Segment Start: PROVIDED ENTRIES
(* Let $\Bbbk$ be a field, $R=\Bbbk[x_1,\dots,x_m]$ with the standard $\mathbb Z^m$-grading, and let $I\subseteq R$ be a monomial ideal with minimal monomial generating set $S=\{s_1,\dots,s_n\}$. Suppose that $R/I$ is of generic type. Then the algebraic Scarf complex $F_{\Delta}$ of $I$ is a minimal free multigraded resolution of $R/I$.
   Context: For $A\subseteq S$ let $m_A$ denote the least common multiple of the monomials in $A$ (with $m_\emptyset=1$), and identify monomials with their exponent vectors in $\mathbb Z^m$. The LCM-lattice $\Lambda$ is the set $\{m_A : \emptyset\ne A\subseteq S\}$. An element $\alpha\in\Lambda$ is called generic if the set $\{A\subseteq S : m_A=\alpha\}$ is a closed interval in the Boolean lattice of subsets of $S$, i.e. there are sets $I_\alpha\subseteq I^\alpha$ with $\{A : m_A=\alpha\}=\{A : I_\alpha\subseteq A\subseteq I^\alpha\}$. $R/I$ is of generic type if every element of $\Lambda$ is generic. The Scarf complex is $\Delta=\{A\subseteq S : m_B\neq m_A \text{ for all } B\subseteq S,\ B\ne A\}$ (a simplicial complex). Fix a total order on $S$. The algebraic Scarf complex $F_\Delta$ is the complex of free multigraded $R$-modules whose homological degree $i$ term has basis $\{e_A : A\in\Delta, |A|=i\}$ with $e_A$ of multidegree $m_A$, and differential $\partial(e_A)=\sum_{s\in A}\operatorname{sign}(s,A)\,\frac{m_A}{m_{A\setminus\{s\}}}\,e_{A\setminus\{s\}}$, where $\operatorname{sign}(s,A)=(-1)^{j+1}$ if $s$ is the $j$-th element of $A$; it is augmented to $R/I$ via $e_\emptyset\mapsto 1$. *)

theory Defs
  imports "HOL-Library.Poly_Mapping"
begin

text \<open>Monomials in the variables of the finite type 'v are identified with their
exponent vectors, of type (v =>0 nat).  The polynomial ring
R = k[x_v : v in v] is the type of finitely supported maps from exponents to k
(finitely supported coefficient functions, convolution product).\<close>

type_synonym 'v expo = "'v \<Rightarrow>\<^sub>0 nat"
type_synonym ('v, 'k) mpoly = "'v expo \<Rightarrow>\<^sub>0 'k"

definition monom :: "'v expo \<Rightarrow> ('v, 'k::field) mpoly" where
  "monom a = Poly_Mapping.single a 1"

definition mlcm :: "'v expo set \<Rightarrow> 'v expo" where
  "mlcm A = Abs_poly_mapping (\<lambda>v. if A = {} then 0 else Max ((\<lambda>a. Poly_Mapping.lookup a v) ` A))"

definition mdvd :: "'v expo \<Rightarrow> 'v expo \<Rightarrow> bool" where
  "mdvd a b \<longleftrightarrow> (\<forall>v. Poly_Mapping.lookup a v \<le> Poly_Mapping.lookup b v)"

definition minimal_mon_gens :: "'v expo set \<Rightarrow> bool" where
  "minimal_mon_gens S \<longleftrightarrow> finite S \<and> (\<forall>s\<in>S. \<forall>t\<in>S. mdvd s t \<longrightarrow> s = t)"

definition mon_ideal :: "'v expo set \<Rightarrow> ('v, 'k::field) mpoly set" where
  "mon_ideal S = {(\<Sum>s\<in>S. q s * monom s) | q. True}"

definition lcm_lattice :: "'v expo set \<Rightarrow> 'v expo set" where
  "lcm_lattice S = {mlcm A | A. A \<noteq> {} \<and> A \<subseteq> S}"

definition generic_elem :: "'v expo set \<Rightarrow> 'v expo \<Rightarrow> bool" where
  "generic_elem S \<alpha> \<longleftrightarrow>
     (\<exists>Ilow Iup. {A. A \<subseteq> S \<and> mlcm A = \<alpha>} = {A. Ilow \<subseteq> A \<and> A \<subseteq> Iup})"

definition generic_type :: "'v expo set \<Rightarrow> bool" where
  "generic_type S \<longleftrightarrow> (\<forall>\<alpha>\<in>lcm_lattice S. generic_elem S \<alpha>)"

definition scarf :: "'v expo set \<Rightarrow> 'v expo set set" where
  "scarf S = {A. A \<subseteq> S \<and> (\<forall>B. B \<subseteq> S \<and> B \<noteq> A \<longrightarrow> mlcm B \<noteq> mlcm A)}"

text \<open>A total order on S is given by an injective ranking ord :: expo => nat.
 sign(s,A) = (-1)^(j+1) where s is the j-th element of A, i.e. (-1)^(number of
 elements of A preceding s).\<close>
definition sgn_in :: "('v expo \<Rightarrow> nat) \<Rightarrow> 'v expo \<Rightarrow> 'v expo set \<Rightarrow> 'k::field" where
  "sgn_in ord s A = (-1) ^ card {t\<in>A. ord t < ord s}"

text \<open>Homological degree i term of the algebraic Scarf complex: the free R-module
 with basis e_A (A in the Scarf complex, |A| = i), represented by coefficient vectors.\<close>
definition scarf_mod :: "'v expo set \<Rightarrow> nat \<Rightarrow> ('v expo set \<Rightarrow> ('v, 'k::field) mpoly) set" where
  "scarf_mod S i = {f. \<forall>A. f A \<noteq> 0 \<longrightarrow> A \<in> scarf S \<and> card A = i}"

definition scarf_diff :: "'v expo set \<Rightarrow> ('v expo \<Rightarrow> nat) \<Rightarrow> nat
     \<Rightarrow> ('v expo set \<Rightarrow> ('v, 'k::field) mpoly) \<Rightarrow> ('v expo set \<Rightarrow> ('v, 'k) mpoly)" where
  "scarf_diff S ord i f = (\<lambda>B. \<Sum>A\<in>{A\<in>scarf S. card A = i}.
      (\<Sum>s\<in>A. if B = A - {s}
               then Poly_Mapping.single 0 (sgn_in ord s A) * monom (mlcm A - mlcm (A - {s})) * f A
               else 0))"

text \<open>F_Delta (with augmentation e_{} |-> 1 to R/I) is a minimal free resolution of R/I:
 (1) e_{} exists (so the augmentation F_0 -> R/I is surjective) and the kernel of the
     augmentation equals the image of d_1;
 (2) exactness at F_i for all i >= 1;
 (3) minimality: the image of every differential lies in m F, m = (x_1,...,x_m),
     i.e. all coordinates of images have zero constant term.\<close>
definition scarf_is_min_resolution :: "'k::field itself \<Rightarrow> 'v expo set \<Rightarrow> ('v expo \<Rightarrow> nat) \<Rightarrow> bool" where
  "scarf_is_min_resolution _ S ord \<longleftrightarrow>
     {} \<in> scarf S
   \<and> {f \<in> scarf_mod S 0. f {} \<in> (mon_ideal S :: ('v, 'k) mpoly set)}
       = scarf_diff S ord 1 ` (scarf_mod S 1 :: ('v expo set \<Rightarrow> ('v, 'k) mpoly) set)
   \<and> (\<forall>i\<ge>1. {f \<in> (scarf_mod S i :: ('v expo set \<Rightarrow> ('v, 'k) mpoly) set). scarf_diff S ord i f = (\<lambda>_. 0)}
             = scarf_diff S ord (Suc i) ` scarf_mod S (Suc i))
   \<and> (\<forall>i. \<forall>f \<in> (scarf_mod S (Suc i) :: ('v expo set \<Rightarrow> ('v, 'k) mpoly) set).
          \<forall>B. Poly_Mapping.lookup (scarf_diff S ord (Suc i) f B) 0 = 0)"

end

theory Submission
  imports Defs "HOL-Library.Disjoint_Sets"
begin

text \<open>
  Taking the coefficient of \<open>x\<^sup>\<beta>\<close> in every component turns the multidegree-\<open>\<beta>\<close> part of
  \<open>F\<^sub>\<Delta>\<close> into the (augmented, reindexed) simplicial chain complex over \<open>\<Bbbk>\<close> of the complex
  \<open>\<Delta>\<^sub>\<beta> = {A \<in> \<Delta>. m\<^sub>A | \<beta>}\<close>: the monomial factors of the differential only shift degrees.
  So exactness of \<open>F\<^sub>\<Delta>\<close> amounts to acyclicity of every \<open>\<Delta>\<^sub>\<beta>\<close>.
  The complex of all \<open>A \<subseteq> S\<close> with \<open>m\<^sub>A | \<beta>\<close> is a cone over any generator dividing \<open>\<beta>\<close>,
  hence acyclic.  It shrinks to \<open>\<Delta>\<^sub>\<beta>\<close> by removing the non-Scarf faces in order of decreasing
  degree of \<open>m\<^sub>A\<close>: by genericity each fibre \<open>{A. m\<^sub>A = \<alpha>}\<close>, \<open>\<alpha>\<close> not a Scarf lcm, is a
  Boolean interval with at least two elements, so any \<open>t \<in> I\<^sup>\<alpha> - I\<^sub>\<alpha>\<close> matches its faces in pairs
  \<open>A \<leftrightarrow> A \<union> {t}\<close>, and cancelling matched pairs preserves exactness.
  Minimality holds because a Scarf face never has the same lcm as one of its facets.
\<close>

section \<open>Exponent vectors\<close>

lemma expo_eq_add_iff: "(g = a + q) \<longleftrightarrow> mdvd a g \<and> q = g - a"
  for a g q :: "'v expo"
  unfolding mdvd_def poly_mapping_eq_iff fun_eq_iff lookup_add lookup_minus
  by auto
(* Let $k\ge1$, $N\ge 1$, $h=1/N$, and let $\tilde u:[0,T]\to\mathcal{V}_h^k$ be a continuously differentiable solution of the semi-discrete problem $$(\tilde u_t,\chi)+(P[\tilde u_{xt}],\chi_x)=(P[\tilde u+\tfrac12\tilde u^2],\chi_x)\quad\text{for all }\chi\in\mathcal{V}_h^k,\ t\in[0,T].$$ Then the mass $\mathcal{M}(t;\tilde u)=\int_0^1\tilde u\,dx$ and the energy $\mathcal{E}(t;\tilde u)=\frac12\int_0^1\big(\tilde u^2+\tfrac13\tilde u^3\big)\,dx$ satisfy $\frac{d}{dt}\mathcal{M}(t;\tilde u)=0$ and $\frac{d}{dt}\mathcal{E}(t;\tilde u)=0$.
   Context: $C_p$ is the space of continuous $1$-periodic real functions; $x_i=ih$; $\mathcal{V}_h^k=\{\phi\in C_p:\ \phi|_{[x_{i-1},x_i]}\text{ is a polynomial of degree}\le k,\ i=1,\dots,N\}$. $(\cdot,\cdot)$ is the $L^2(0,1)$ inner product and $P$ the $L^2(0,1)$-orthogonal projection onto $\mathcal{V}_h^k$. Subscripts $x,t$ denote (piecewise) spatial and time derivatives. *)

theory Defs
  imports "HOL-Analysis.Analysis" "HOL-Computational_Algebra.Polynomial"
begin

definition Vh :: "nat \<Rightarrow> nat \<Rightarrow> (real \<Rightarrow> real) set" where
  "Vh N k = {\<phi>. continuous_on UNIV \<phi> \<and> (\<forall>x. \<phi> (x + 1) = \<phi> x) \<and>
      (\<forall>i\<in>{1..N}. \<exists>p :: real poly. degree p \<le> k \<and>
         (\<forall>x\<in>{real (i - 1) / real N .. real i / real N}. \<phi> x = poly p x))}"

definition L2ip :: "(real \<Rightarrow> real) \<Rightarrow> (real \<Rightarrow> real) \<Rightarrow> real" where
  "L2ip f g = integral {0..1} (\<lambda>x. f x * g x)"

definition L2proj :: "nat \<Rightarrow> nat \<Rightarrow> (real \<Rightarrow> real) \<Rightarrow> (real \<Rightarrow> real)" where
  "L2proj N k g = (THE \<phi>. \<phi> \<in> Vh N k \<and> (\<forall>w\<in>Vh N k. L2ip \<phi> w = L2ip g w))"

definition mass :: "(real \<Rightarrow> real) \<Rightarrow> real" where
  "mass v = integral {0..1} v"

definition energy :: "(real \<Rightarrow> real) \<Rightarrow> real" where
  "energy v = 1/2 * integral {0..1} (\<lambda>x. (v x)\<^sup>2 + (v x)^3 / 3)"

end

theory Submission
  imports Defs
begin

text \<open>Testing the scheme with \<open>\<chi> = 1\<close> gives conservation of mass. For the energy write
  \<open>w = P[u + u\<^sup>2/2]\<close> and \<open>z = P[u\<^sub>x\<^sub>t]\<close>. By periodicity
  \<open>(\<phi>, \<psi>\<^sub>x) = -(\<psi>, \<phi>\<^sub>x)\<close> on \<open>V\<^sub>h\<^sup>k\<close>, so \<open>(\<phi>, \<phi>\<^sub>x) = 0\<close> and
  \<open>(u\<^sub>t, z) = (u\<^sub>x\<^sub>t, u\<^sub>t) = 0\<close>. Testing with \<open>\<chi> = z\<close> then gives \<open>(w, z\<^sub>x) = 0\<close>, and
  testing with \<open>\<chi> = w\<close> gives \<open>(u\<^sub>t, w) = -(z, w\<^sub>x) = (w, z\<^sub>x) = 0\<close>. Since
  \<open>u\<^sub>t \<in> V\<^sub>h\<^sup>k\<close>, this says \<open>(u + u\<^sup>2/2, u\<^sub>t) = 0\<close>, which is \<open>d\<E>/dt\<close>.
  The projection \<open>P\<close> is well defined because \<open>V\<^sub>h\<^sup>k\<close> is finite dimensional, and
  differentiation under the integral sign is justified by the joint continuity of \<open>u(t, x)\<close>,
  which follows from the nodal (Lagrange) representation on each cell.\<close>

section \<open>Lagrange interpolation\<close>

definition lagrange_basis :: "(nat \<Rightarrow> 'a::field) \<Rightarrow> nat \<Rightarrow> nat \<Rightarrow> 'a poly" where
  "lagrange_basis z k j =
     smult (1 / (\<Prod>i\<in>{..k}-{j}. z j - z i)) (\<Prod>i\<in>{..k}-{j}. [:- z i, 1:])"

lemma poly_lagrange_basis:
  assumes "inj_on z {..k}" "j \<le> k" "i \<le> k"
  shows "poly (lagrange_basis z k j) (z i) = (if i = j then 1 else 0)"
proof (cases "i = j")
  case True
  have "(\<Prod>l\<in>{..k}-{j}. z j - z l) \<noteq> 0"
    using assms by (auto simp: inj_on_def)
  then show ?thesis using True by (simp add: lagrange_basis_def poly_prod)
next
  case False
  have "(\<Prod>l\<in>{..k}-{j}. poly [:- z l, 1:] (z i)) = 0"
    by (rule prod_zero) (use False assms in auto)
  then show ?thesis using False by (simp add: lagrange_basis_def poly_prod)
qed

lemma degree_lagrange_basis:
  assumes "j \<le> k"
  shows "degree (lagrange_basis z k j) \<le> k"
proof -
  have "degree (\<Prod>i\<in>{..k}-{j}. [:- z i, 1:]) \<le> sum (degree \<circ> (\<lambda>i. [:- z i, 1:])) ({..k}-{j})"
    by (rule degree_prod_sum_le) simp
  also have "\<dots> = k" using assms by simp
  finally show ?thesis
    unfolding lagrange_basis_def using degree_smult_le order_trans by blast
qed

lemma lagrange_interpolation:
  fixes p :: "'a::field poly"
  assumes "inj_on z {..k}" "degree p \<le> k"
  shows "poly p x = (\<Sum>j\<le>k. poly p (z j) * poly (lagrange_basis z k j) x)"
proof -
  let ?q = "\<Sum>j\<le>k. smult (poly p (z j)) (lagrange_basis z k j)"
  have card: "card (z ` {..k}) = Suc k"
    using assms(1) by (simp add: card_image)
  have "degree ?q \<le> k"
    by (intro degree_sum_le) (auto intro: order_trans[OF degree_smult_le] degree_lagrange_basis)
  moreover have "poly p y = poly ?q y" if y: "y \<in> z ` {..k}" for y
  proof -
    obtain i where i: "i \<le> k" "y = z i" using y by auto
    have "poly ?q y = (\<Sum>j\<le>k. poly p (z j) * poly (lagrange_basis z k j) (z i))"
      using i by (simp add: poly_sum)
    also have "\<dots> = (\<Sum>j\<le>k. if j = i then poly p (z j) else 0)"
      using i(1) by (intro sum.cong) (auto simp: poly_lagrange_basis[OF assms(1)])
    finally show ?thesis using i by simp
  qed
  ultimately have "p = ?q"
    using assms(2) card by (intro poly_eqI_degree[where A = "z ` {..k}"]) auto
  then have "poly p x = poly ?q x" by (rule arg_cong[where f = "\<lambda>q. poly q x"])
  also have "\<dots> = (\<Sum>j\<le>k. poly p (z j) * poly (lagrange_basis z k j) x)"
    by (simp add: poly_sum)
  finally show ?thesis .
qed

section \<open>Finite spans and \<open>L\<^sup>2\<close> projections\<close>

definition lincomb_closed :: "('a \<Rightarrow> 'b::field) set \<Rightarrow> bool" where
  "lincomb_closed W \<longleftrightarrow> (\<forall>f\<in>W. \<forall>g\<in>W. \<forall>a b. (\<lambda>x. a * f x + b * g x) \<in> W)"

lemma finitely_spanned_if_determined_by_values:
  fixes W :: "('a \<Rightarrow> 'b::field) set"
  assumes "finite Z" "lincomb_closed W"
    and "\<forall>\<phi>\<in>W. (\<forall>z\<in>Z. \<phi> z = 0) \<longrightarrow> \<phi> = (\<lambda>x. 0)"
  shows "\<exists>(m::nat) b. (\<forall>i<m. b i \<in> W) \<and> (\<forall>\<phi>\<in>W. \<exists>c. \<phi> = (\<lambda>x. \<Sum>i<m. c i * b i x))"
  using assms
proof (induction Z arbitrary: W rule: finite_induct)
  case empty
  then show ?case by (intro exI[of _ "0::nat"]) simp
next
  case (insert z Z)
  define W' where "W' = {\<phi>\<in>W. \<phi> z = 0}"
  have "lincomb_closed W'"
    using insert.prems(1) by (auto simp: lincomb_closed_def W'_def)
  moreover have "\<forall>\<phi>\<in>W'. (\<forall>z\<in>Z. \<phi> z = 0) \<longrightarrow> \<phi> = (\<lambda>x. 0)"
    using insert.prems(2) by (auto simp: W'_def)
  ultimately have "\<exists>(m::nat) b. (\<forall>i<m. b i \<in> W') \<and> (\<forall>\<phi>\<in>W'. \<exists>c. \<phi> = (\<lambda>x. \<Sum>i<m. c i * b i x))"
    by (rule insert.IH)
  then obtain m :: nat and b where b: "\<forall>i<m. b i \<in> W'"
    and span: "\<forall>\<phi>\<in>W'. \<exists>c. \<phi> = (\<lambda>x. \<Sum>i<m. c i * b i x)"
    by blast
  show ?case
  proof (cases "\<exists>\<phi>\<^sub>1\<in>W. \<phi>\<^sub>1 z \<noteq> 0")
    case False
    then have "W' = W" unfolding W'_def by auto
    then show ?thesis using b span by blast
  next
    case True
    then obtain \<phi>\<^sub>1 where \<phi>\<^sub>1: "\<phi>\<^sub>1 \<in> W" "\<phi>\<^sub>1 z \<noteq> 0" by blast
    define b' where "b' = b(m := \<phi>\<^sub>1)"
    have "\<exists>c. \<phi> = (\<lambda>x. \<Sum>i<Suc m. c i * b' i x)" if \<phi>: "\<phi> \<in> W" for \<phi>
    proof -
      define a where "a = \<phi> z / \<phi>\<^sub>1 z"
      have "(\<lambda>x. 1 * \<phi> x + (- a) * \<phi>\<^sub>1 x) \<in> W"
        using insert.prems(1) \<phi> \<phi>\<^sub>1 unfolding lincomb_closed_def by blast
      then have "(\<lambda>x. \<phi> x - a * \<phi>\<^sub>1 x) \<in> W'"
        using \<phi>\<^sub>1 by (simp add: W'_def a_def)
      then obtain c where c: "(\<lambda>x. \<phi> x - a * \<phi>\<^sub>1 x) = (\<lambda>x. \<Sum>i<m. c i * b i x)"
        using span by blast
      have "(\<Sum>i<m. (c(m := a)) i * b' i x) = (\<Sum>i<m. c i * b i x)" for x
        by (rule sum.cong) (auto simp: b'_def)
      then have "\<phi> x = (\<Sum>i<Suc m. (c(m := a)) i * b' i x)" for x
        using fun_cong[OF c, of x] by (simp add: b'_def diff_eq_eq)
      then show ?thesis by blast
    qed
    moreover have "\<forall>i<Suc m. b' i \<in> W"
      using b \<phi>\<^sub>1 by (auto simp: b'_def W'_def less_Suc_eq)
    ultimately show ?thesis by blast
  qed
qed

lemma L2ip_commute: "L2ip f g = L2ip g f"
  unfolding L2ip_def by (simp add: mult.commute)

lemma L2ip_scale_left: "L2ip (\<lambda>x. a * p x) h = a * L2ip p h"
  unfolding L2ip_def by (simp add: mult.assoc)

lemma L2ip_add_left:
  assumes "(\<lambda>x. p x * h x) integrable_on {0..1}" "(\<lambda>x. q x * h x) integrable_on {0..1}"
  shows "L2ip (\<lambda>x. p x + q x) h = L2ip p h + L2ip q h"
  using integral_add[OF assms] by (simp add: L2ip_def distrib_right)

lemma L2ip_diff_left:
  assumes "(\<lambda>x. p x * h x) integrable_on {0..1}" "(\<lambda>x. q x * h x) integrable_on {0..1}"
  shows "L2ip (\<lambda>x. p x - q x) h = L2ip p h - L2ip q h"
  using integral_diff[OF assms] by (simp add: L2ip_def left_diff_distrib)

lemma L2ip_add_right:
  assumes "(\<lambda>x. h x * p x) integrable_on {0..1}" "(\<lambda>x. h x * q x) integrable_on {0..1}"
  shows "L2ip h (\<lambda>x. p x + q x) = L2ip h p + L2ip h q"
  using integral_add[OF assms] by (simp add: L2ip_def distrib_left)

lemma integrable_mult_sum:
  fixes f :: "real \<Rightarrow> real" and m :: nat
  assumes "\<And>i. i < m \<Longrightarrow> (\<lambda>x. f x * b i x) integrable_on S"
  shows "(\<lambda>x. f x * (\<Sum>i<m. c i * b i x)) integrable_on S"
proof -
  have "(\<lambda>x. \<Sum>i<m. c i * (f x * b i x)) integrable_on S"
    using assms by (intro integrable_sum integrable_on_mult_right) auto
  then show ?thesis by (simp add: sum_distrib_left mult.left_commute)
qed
Segment End: PROVIDED ENTRIES
PROBLEM TO WORK ON: Extract exactly and only the lines above from the line containing "(scarf_mod S 1" through the line containing "Taking the coefficient", both end lines included.

YOUR SOLUTION:
       = scarf_diff S ord 1 ` (scarf_mod S 1 :: ('v expo set \<Rightarrow> ('v, 'k) mpoly) set)
   \<and> (\<forall>i\<ge>1. {f \<in> (scarf_mod S i :: ('v expo set \<Rightarrow> ('v, 'k) mpoly) set). scarf_diff S ord i f = (\<lambda>_. 0)}
             = scarf_diff S ord (Suc i) ` scarf_mod S (Suc i))
   \<and> (\<forall>i. \<forall>f \<in> (scarf_mod S (Suc i) :: ('v expo set \<Rightarrow> ('v, 'k) mpoly) set).
          \<forall>B. Poly_Mapping.lookup (scarf_diff S ord (Suc i) f B) 0 = 0)"

end

theory Submission
  imports Defs "HOL-Library.Disjoint_Sets"
begin

text \<open>
  Taking the coefficient of \<open>x\<^sup>\<beta>\<close> in every component turns the multidegree-\<open>\<beta>\<close> part of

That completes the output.